Price war, cancellation of e-funding, backlog of orders

There is no sign of capitulation among the German car manufacturers, even if critics complain that the German initiatives come far too late. The crash and impact can now only be slowed down, it is said. There are a few reasons for this. One is the price war launched by Tesla in China. CEO Elon Musk has announced that, despite the economically turbulent times, he will even add a briquette here. “Telsa’s war chest is well stocked,” warns Dudenhöffer.

The sales figures have not yet reached the valley of tears. The current sales figures in Germany are not as good as they appear at first glance. The market for electric cars in Germany is still growing. But at the latest when the backlog of orders from the previous year has been cleared, the lull threatens, observers agree. There is also a headwind from the government: from September, commercial customers will no longer be subsidized when buying purely electric cars. The so-called fleet market growth will collapse in on itself. “We assume that the BEV growth in the fleet will shrink from 63 percent in the first half of the year to just two percent in the second half of the year,” quotes the “Automobilwoche” Dataforce analyst Benjamin Kibies.

In addition, the Chinese government is putting together a package of economic stimulus measures and boosting demand for electric cars with subsidies worth billions. Even if Economics Minister Robert Habeck has increased the budget for the state environmental bonus for private individuals, which can be claimed when buying an electric car, it will be difficult for German car manufacturers to catch up.

“The car world is reorganizing itself”

However, Dudenhöffer does not consider the fight to be hopeless. In the short and medium term it will be difficult for German car manufacturers, but in the long term they have chances of stabilizing. However, the old supremacy of traditional German car manufacturers will once and for all no longer exist in the new car world. “When you open yourself up and recognize a new world and stop harping on your old principles, that’s the best way to reconnect,” says Dudenhöffer. Play along, that’s all there is to it.
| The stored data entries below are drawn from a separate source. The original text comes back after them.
(* Let $\gamma(t)$ be a curve on $S^{n-1}$, put $\omega=\frac1\varepsilon\gamma\wedge\dot\gamma$, and suppose there is $\lambda_0(t)\in so(n)$ orthogonal to $\mathbb R^n\wedge\gamma$ such that $$\frac{d}{dt}(\mathbf I\omega)=[\mathbf I\omega,\omega]+[\kappa,\omega]+\lambda_0,\qquad \dot\gamma=-\varepsilon\omega\gamma.$$ Then for all $t$ and all $\delta\gamma\in T_\gamma S^{n-1}$, $$\delta l-\mathbf{JK}(\dot\gamma,\delta\gamma)=\Big\langle\frac1{\varepsilon^2}\mathbf I(\gamma\wedge\ddot\gamma)\gamma+\frac1{\varepsilon^3}\mathbf I(\gamma\wedge\dot\gamma)\dot\gamma,\delta\gamma\Big\rangle=\mathbf f(\dot\gamma,\delta\gamma),$$ where $\delta l=\big\langle\frac{\partial l}{\partial\gamma}-\frac d{dt}\frac{\partial l}{\partial\dot\gamma},\delta\gamma\big\rangle$ and $\mathbf f(\dot\gamma,\delta\gamma)=\frac1{\varepsilon^2}\langle\dot\gamma,\kappa\delta\gamma\rangle$.
   Context: Model of a balanced $n$-dimensional ball with a gyroscope rolling without slipping and twisting over a fixed sphere in $\mathbb R^n$ ($n\ge3$): the ball has radius $a$, mass $m$, $D=ma^2$; the sphere has radius $b$; $\varepsilon=b/(b+a)$ (ball outside the sphere) or $\varepsilon=b/(b-a)$ (ball inside the sphere, or spherical shell over a smaller sphere). On $so(n)$ use $\langle X,Y\rangle=-\frac12\operatorname{tr}(XY)$; on $\mathbb R^n$ the Euclidean product. For $x,y\in\mathbb R^n$, $x\wedge y=xy^T-yx^T\in so(n)$. $\mathbb I\colon so(n)\to so(n)$ is the inertia operator of the system and $\mathbf I=\mathbb I+D\,\mathrm{Id}_{so(n)}$, a symmetric positive definite operator; $\kappa\in so(n)$ is a fixed matrix (the gyroscope). The reduced Lagrangian on $TS^{n-1}$ is $l(\gamma,\dot\gamma)=-\frac1{2\varepsilon^2}\langle\mathbf I(\gamma\wedge\dot\gamma)\gamma,\dot\gamma\rangle$ and the $\mathbf{JK}$-term is $\mathbf{JK}(\dot\gamma,\delta\gamma)=\frac{2\varepsilon-1}{\varepsilon^3}\langle\mathbf I(\gamma\wedge\dot\gamma)\dot\gamma,\delta\gamma\rangle$. *)

theory Defs
  imports "HOL-Analysis.Analysis"
begin

type_synonym 'n mat = "real^'n^'n"

definition so :: "'n::finite mat set" where
  "so = {X. transpose X = - X}"

definition so_inner :: "'n::finite mat \<Rightarrow> 'n mat \<Rightarrow> real" where
  "so_inner X Y = - (1/2) * trace (X ** Y)"

definition wedge :: "real^'n::finite \<Rightarrow> real^'n \<Rightarrow> 'n mat" where
  "wedge x y = (\<chi> i j. x$i * y$j - y$i * x$j)"

definition comm :: "'n::finite mat \<Rightarrow> 'n mat \<Rightarrow> 'n mat" where
  "comm X Y = X ** Y - Y ** X"

definition partial1 :: "(real^'n::finite \<Rightarrow> real^'n \<Rightarrow> real) \<Rightarrow> real^'n \<Rightarrow> real^'n \<Rightarrow> real^'n" where
  "partial1 L x v = (THE p. ((\<lambda>y. L y v) has_derivative (\<lambda>h. p \<bullet> h)) (at x))"

definition partial2 :: "(real^'n::finite \<Rightarrow> real^'n \<Rightarrow> real) \<Rightarrow> real^'n \<Rightarrow> real^'n \<Rightarrow> real^'n" where
  "partial2 L x v = (THE p. ((\<lambda>w. L x w) has_derivative (\<lambda>h. p \<bullet> h)) (at v))"

definition delta_l :: "(real^'n::finite \<Rightarrow> real^'n \<Rightarrow> real) \<Rightarrow> (real \<Rightarrow> real^'n) \<Rightarrow> (real \<Rightarrow> real^'n)
    \<Rightarrow> real \<Rightarrow> real^'n \<Rightarrow> real" where
  "delta_l L g g' t dg =
     (partial1 L (g t) (g' t) - vector_derivative (\<lambda>s. partial2 L (g s) (g' s)) (at t)) \<bullet> dg"

definition boldI :: "('n::finite mat \<Rightarrow> 'n mat) \<Rightarrow> real \<Rightarrow> 'n mat \<Rightarrow> 'n mat" where
  "boldI II D X = II X + D *\<^sub>R X"

definition lagr :: "('n::finite mat \<Rightarrow> 'n mat) \<Rightarrow> real \<Rightarrow> real^'n \<Rightarrow> real^'n \<Rightarrow> real" where
  "lagr IB \<epsilon> g v = - (1 / (2 * \<epsilon>^2)) * ((IB (wedge g v) *v g) \<bullet> v)"

definition JK :: "('n::finite mat \<Rightarrow> 'n mat) \<Rightarrow> real \<Rightarrow> real^'n \<Rightarrow> real^'n \<Rightarrow> real^'n \<Rightarrow> real" where
  "JK IB \<epsilon> g v dg = ((2*\<epsilon> - 1) / \<epsilon>^3) * ((IB (wedge g v) *v v) \<bullet> dg)"

definition gyro_f :: "'n::finite mat \<Rightarrow> real \<Rightarrow> real^'n \<Rightarrow> real^'n \<Rightarrow> real" where
  "gyro_f \<kappa> \<epsilon> v dg = (1 / \<epsilon>^2) * (v \<bullet> (\<kappa> *v dg))"

end

theory Submission
  imports Defs
begin

text \<open>
  For a skew matrix X one has \<open>(X x) \<bullet> y = - so_inner X (wedge x y)\<close>, so the reduced
  Lagrangian is the quadratic form \<open>so_inner (I (\<gamma> \<and> \<gamma>')) (\<gamma> \<and> \<gamma>') / (2 \<epsilon>\<^sup>2)\<close>, and the
  symmetry of I gives \<open>\<partial>l/\<partial>\<gamma> = I(\<gamma> \<and> \<gamma>') \<gamma>' / \<epsilon>\<^sup>2\<close> and \<open>\<partial>l/\<partial>\<gamma>' = - I(\<gamma> \<and> \<gamma>') \<gamma> / \<epsilon>\<^sup>2\<close>.
  Differentiating the latter along the curve yields the first identity for every curve.
  For the second one, substitute \<open>I(\<gamma> \<and> \<gamma>'') = \<epsilon> ([I \<omega>, \<omega>] + [\<kappa>, \<omega>] + \<lambda>\<^sub>0)\<close> and
  \<open>\<omega> \<gamma> = - \<gamma>' / \<epsilon>\<close>: \<open>\<lambda>\<^sub>0 \<gamma> = 0\<close> because \<open>\<lambda>\<^sub>0\<close> is orthogonal to all \<open>x \<and> \<gamma>\<close>, and for
  \<open>\<delta>\<gamma> \<bottom> \<gamma>\<close> the pairing \<open>(\<omega> y) \<bullet> \<delta>\<gamma>\<close> is proportional to \<open>\<gamma> \<bullet> y\<close>, which kills
  \<open>\<omega> (I \<omega>) \<gamma>\<close> and \<open>\<omega> \<kappa> \<gamma>\<close>. The two \<open>(I \<omega>) \<gamma>'\<close> terms cancel and only
  \<open>(\<kappa> \<omega> \<gamma>) \<bullet> \<delta>\<gamma> / \<epsilon> = f(\<gamma>', \<delta>\<gamma>)\<close> remains.
\<close>

lemma matrix_vector_mult_uminus_left: "(- A) *v x = - (A *v (x::'a::ring_1^'n))"
  by (simp add: matrix_vector_mult_def vec_eq_iff sum_negf)

lemma matrix_vector_mult_uminus_right: "A *v (- x) = - (A *v (x::'a::ring_1^'n))"
  by (simp add: matrix_vector_mult_def vec_eq_iff sum_negf)

lemma transpose_add: "transpose (X + Y) = transpose X + transpose (Y::'a::semiring_1^'n^'m)"
  by (simp add: transpose_def vec_eq_iff)

lemma transpose_diff: "transpose (X - Y) = transpose X - transpose (Y::'a::ring_1^'n^'m)"
  by (simp add: transpose_def vec_eq_iff)

lemma comm_mult_vec: "comm X Y *v z = X *v (Y *v z) - Y *v (X *v (z::real^'n::finite))"
  by (simp add: comm_def matrix_vector_mult_diff_rdistrib matrix_vector_mul_assoc)

lemma bounded_bilinear_matrix_vector_mult:
  "bounded_bilinear ((*v) :: real^'n::finite^'m::finite \<Rightarrow> _)"
  unfolding bilinear_conv_bounded_bilinear[symmetric] bilinear_def
  by (auto intro!: linearI simp: matrix_vector_mult_def vec_eq_iff algebra_simps
      sum.distrib sum_distrib_left)

lemma so_skew: "X \<in> so \<Longrightarrow> transpose X = - X"
  by (simp add: so_def)

lemma so_add: "X \<in> so \<Longrightarrow> Y \<in> so \<Longrightarrow> X + Y \<in> so"
  by (simp add: so_def transpose_add)
lemma lower_sol_dist_sq_le:
  assumes sol_u: "is_lower_sol Q f u" and sol_v: "is_lower_sol Q g v" and "0 \<le> s"
  shows "(\<Sum>x\<in>UNIV. (u s x - v s x)\<^sup>2) \<le> exp (2 * lip * CARD('x) * s) * (\<Sum>x\<in>UNIV. (f x - g x)\<^sup>2)"
proof -
  define V where "V r = (\<Sum>x\<in>UNIV. (u r x - v r x)\<^sup>2)" for r
  define V' where "V' r = 2 * (\<Sum>x\<in>UNIV. (u r x - v r x) * (Q (u r) x - Q (v r) x))" for r
  have "(V has_real_derivative V' r) (at r within {0..})" if "0 \<le> r" for r
    using sol_u sol_v that unfolding V_def V'_def is_lower_sol_def
    by (auto intro!: derivative_eq_intros sum.cong simp: sum_distrib_left power2_eq_square algebra_simps)
  moreover have "V' r \<le> 2 * lip * CARD('x) * V r" for r
    using sum_diff_mult_Q_diff_le[of "u r" "v r"] by (simp add: V_def V'_def)
  ultimately have "V s \<le> exp (2 * lip * CARD('x) * s) * V 0"
    by (rule gronwall_exp_bound[OF _ _ \<open>0 \<le> s\<close>])
  then show ?thesis
    using sol_u sol_v by (simp add: V_def is_lower_sol_def)
qed

lemma lower_sol_dist_le:
  assumes "is_lower_sol Q f u" "is_lower_sol Q g v" "0 \<le> s"
  shows "\<bar>u s x - v s x\<bar> \<le> sqrt (exp (2 * lip * CARD('x) * s) * (\<Sum>x\<in>UNIV. (f x - g x)\<^sup>2))"
proof -
  have "(u s x - v s x)\<^sup>2 \<le> (\<Sum>x\<in>UNIV. (u s x - v s x)\<^sup>2)"
    by (rule member_le_sum) auto
  also note lower_sol_dist_sq_le[OF assms]
  finally show ?thesis by (metis real_le_rsqrt power2_abs)
qed

lemma lower_sol_unique:
  assumes "is_lower_sol Q f u" "is_lower_sol Q f v" "0 \<le> s"
  shows "u s = v s"
  using lower_sol_dist_le[OF assms] by fastforce

primrec picard :: "('x \<Rightarrow> real) \<Rightarrow> nat \<Rightarrow> real \<Rightarrow> 'x \<Rightarrow> real" where
  "picard f 0 = (\<lambda>s. f)"
| "picard f (Suc k) = (\<lambda>s x. f x + integral {0..s} (\<lambda>r. Q (picard f k r) x))"

declare picard.simps(2) [simp del]

lemma picard_Suc: "picard f (Suc k) s x = f x + integral {0..s} (\<lambda>r. Q (picard f k r) x)"
  by (simp add: picard.simps(2))

lemma continuous_on_picard: "continuous_on {0..} (\<lambda>s. picard f k s x)"
proof (induction k arbitrary: x)
  case 0
  then show ?case by simp
next
  case (Suc k)
  have "continuous_on {0..} (\<lambda>r. Q (picard f k r) x)"
    by (rule continuous_on_Q) (rule Suc.IH)
  then have "continuous_on {0..} (\<lambda>s. integral {0..s} (\<lambda>r. Q (picard f k r) x))"
    by (rule DERIV_continuous_on[OF integral_has_real_derivative_atLeast]) auto
  then show ?case
    by (auto intro!: continuous_intros simp: picard_Suc)
qed

lemma continuous_on_Q_picard: "continuous_on {0..s} (\<lambda>r. Q (picard f k r) x)"
  by (intro continuous_on_Q continuous_on_subset[OF continuous_on_picard]) auto

lemma picard_Suc_diff:
  "picard f (Suc (Suc k)) s x - picard f (Suc k) s x
     = integral {0..s} (\<lambda>r. Q (picard f (Suc k) r) x - Q (picard f k r) x)"
  unfolding picard_Suc[of f "Suc k" s x] picard_Suc[of f k s x]
  by (simp add: integral_diff integrable_continuous_interval continuous_on_Q_picard)

lemma l1_norm_picard_diff_le:
  assumes "0 \<le> s"
  shows "l1_norm (\<lambda>x. picard f (Suc k) s x - picard f k s x)
           \<le> l1_norm (Q f) * (CARD('x) * lip) ^ k * s ^ Suc k / fact (Suc k)"
  using assms
proof (induction k arbitrary: s)
  case 0
  then show ?case
    by (simp add: picard_Suc l1_norm_def abs_mult flip: sum_distrib_left)
next
  case (Suc k)
  define M where "M = lip * l1_norm (Q f) * (CARD('x) * lip) ^ k / fact (Suc k)"
  have M_integral: "((\<lambda>r. M * r ^ Suc k) has_integral M * s ^ Suc (Suc k) / Suc (Suc k)) {0..s}"
    using has_integral_mult_right[OF has_integral_power[OF Suc.prems, of "Suc k"], of M] by simp
  have "\<bar>picard f (Suc (Suc k)) s x - picard f (Suc k) s x\<bar>
          \<le> M * s ^ Suc (Suc k) / Suc (Suc k)" for x
  proof -
    have "\<bar>Q (picard f (Suc k) r) x - Q (picard f k r) x\<bar> \<le> M * r ^ Suc k" if "r \<in> {0..s}" for r
    proof -
      have "\<bar>Q (picard f (Suc k) r) x - Q (picard f k r) x\<bar>
              \<le> lip * l1_norm (\<lambda>x. picard f (Suc k) r x - picard f k r x)"
        by (rule Q_lipschitz)
      also have "\<dots> \<le> M * r ^ Suc k"
        using mult_left_mono[OF Suc.IH[of r] lip_nonneg] that by (simp add: M_def)
      finally show ?thesis .
    qed
    then have "\<bar>integral {0..s} (\<lambda>r. Q (picard f (Suc k) r) x - Q (picard f k r) x)\<bar>
                 \<le> integral {0..s} (\<lambda>r. M * r ^ Suc k)"
      using M_integral unfolding real_norm_def[symmetric]
      by (intro integral_norm_bound_integral)
         (auto intro!: integrable_continuous_interval continuous_intros continuous_on_Q_picard)
    then show ?thesis
      by (simp only: picard_Suc_diff integral_unique[OF M_integral])
  qed
  then have "l1_norm (\<lambda>x. picard f (Suc (Suc k)) s x - picard f (Suc k) s x)
               \<le> CARD('x) * (M * s ^ Suc (Suc k) / Suc (Suc k))"
    by (rule l1_norm_le_card_mult)
  then show ?case
    by (simp add: M_def fact_Suc field_simps)
qed

text \<open>The limit of the Picard iterates, written as a telescoping series so that the
  Weierstrass M-test applies.\<close>
definition picard_limit :: "('x \<Rightarrow> real) \<Rightarrow> real \<Rightarrow> 'x \<Rightarrow> real" where
  "picard_limit f s x = f x + (\<Sum>i. picard f (Suc i) s x - picard f i s x)"

lemma uniform_limit_picard:
  assumes "0 \<le> T"
  shows "uniform_limit {0..T} (\<lambda>k s. picard f k s x) (\<lambda>s. picard_limit f s x) sequentially"
proof -
  define C where "C = l1_norm (Q f)"
  define L where "L = CARD('x) * lip"
  have "0 \<le> C" "0 \<le> L"
    using lip_nonneg by (auto simp: C_def L_def l1_norm_def intro: sum_nonneg)
  define M where "M i = C * L ^ i * T ^ Suc i / fact (Suc i)" for i
  have "norm (picard f (Suc i) s x - picard f i s x) \<le> M i" if "s \<in> {0..T}" for i s
  proof -
    have "norm (picard f (Suc i) s x - picard f i s x)
            \<le> l1_norm (\<lambda>x. picard f (Suc i) s x - picard f i s x)"
      using abs_le_l1_norm[of "\<lambda>x. picard f (Suc i) s x - picard f i s x" x] by simp
    also have "\<dots> \<le> C * L ^ i * s ^ Suc i / fact (Suc i)"
      using l1_norm_picard_diff_le[of s f i] that by (simp add: C_def L_def)
    also have "\<dots> \<le> M i"
      unfolding M_def using that \<open>0 \<le> C\<close> \<open>0 \<le> L\<close>
      by (intro divide_right_mono mult_left_mono power_mono mult_nonneg_nonneg) auto
    finally show ?thesis .
  qed
  moreover have "summable M"
  proof (rule summable_comparison_test')
    show "summable (\<lambda>n. C * T * (inverse (fact n) * (L * T) ^ n))"
      by (intro summable_mult summable_exp)
    fix n :: nat
    have "norm (M n) = M n"
      unfolding M_def using \<open>0 \<le> C\<close> \<open>0 \<le> L\<close> \<open>0 \<le> T\<close> by simp
    also have "\<dots> \<le> C * L ^ n * T ^ Suc n / fact n"
      unfolding M_def using \<open>0 \<le> C\<close> \<open>0 \<le> L\<close> \<open>0 \<le> T\<close> fact_mono[of n "Suc n", where 'a=real]
      by (intro divide_left_mono mult_nonneg_nonneg) auto
    also have "\<dots> = C * T * (inverse (fact n) * (L * T) ^ n)"
      by (simp add: power_mult_distrib field_simps)
    finally show "norm (M n) \<le> C * T * (inverse (fact n) * (L * T) ^ n)" .
  qed
  ultimately have "uniform_limit {0..T} (\<lambda>n s. \<Sum>i<n. picard f (Suc i) s x - picard f i s x)
                     (\<lambda>s. \<Sum>i. picard f (Suc i) s x - picard f i s x) sequentially"
    by (rule Weierstrass_m_test)
  then have "uniform_limit {0..T} (\<lambda>n s. f x + (\<Sum>i<n. picard f (Suc i) s x - picard f i s x))
               (\<lambda>s. picard_limit f s x) sequentially"
    unfolding picard_limit_def by (intro uniform_limit_intros)
  moreover have "f x + (\<Sum>i<n. picard f (Suc i) s x - picard f i s x) = picard f n s x" for n s
    by (subst sum_lessThan_telescope[where f="\<lambda>i. picard f i s x"]) simp
  ultimately show ?thesis
    by simp
qed

lemma continuous_on_picard_limit: "continuous_on {0..} (\<lambda>s. picard_limit f s x)"
  by (intro continuous_on_atLeast_if_atLeastAtMost uniform_limit_theorem[OF _ uniform_limit_picard])
     (auto intro!: always_eventually continuous_on_subset[OF continuous_on_picard])

lemma picard_limit_integral_eq:
  assumes "0 \<le> s"
  shows "picard_limit f s x = f x + integral {0..s} (\<lambda>r. Q (picard_limit f r) x)"
proof -
  obtain I J where I: "\<And>k. ((\<lambda>r. Q (picard f k r) x) has_integral I k) {0..s}"
    and J: "((\<lambda>r. Q (picard_limit f r) x) has_integral J) {0..s}" and "I \<longlonglongrightarrow> J"
    by (rule uniform_limit_integral[OF uniform_limit_Q[OF uniform_limit_picard[OF assms]]])
       (auto intro: continuous_on_Q_picard)
  have "(\<lambda>k. picard f (Suc k) s x) \<longlonglongrightarrow> picard_limit f s x"
    by (rule LIMSEQ_Suc, rule tendsto_uniform_limitI[OF uniform_limit_picard[OF assms]]) (use assms in auto)
  moreover have "picard f (Suc k) s x = f x + I k" for k
    using I by (simp add: picard_Suc integral_unique)
  ultimately have "(\<lambda>k. f x + I k) \<longlonglongrightarrow> picard_limit f s x"
    by simp
  moreover have "(\<lambda>k. f x + I k) \<longlonglongrightarrow> f x + J"
    by (intro tendsto_intros \<open>I \<longlonglongrightarrow> J\<close>)
  ultimately show ?thesis
    using J LIMSEQ_unique by (simp add: integral_unique)
qed

lemma is_lower_sol_picard_limit: "is_lower_sol Q f (picard_limit f)"
  unfolding is_lower_sol_def
proof (intro conjI allI impI)
  show "picard_limit f 0 = f"
    by (auto simp: fun_eq_iff picard_limit_integral_eq)
  fix t :: real and x assume "0 \<le> t"
  have "((\<lambda>s. f x + integral {0..s} (\<lambda>r. Q (picard_limit f r) x))
          has_real_derivative 0 + Q (picard_limit f t) x) (at t within {0..})"
    by (intro derivative_intros integral_has_real_derivative_atLeast
          continuous_on_Q continuous_on_picard_limit \<open>0 \<le> t\<close>)
  then have "((\<lambda>s. f x + integral {0..s} (\<lambda>r. Q (picard_limit f r) x))
          has_real_derivative Q (picard_limit f t) x) (at t within {0..})"
    by simp
  then show "((\<lambda>s. picard_limit f s x) has_real_derivative Q (picard_limit f t) x) (at t within {0..})"
    by (rule has_field_derivative_transform_within[where d=1])
       (use \<open>0 \<le> t\<close> in \<open>auto simp: picard_limit_integral_eq\<close>)
qed

lemma is_lower_sol_lower_T: "is_lower_sol Q f (\<lambda>s. lower_T Q s f)"
  using someI[of "is_lower_sol Q f", OF is_lower_sol_picard_limit]
  by (simp add: lower_T_def[abs_def])

lemma lower_T_0: "lower_T Q 0 f = f"
  using is_lower_sol_lower_T[of f] unfolding is_lower_sol_def by simp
“The car world is reorganizing itself,” states Dudenhöffer. BMW already has its largest development location with around 3,200 engineers outside of Germany in China, not in the USA. “Where will the strengths of the German car manufacturers be? The strengths of the German car manufacturers will lie in the fact that cars that are also Internet-enabled are built in highly intelligent cooperation.” The development departments of VW, BMW and Mercedes are currently working flat out on the second generation of electric models. With or without a Chinese partner: success is a must, mistakes are no longer allowed.